Saved data entries:

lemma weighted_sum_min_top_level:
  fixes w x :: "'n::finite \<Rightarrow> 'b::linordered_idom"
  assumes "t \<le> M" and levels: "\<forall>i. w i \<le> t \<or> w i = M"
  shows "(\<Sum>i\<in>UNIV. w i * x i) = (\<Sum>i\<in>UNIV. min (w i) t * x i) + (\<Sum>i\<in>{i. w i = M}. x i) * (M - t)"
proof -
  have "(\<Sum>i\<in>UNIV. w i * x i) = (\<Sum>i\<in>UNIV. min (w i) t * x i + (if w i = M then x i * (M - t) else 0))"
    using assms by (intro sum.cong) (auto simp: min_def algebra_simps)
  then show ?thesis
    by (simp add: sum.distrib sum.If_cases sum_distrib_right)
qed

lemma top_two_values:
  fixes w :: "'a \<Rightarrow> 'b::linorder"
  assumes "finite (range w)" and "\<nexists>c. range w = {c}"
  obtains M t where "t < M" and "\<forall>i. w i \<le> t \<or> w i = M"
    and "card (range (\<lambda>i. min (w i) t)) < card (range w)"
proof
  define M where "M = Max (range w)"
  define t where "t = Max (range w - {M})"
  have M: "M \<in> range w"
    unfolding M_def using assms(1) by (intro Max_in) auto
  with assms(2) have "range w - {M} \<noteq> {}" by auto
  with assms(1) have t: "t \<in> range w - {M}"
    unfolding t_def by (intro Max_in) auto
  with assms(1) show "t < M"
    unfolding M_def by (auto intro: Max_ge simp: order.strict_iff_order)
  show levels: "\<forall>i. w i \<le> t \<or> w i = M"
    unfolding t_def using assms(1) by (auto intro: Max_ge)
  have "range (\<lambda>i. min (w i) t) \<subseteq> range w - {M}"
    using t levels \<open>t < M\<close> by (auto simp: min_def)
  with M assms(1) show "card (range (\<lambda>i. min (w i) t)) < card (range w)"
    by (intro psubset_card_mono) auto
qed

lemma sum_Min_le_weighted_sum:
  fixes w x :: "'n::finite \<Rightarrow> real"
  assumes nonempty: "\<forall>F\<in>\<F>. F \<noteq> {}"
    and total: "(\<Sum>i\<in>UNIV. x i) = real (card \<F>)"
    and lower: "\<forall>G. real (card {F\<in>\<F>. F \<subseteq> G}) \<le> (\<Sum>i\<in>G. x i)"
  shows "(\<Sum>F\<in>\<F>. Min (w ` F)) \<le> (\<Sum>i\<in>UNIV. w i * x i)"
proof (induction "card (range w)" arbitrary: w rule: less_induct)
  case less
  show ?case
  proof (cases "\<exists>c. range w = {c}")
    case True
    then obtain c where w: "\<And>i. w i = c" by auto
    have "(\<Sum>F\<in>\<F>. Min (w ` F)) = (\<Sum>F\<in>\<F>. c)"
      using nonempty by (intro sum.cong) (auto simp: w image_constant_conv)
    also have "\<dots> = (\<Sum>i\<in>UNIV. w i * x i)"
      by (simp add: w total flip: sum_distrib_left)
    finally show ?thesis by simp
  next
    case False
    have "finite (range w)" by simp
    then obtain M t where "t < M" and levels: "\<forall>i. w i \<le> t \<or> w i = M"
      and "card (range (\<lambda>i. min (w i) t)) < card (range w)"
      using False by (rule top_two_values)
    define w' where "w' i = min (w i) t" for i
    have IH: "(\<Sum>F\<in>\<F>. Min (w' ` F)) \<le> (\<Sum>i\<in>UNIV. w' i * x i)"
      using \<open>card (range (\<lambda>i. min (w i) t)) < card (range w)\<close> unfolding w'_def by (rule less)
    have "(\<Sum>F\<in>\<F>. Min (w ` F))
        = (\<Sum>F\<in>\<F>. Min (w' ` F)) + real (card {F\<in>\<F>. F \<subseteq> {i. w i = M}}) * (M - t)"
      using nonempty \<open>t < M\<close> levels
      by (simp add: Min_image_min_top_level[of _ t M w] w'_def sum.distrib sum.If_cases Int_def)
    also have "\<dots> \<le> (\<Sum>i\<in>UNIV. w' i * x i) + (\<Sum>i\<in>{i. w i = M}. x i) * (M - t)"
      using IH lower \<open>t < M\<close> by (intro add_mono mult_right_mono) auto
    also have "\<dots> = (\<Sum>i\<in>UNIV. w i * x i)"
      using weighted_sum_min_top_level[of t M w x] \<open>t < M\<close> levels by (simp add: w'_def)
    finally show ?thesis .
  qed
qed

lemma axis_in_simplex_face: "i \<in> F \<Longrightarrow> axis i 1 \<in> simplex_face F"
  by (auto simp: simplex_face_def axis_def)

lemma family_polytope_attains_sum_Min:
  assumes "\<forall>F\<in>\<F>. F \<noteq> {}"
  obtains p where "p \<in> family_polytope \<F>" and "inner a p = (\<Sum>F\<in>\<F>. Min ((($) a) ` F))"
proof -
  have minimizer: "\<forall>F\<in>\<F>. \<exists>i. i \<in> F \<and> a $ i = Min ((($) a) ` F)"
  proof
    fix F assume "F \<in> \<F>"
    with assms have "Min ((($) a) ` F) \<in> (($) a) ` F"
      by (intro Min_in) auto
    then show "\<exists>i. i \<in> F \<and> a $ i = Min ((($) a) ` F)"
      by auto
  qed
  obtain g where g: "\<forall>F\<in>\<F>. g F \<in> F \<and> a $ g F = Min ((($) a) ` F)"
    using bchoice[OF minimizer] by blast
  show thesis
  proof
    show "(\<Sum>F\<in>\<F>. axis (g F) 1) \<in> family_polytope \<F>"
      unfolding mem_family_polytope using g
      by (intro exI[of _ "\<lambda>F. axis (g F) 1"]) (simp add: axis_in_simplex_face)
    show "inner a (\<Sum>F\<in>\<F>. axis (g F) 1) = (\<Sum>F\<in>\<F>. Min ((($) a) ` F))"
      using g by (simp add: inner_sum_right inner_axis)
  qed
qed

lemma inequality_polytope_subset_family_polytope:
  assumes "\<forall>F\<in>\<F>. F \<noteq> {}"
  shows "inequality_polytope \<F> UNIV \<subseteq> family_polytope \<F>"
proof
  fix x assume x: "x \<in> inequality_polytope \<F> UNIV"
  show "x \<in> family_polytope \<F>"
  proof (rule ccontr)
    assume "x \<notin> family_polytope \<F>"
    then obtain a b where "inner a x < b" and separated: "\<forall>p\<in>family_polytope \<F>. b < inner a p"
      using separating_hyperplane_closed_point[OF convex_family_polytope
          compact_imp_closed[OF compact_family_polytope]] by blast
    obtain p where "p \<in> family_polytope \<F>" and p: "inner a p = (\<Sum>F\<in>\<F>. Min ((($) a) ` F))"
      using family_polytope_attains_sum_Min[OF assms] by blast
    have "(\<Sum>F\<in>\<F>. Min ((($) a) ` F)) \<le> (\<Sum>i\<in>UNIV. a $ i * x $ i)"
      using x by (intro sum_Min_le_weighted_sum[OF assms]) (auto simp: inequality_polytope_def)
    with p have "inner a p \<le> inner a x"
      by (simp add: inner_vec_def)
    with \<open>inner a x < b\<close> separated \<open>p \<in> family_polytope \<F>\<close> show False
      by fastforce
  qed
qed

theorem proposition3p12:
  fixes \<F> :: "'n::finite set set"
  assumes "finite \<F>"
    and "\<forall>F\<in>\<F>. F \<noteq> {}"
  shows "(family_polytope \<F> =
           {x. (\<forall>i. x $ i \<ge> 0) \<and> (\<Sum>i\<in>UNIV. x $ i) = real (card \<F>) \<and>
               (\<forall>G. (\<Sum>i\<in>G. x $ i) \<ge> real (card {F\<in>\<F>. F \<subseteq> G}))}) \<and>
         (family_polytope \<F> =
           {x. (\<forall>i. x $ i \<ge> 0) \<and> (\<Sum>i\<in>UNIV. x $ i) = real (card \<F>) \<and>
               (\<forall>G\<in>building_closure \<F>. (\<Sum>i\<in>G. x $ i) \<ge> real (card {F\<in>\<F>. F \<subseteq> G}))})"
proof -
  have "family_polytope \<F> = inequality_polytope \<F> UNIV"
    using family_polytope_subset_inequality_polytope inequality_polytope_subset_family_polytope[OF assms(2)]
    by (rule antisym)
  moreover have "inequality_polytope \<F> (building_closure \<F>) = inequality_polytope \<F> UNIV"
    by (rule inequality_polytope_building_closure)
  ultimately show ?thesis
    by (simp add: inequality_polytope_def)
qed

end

### The problem
Find the word "finite" in the entries above, then copy each line that holds it.

### Exercise response
  fixes w x :: "'n::finite \<Rightarrow> 'b::linordered_idom"
  assumes "finite (range w)" and "\<nexists>c. range w = {c}"
  fixes w x :: "'n::finite \<Rightarrow> real"
    have "finite (range w)" by simp
  fixes \<F> :: "'n::finite set set"
  assumes "finite \<F>"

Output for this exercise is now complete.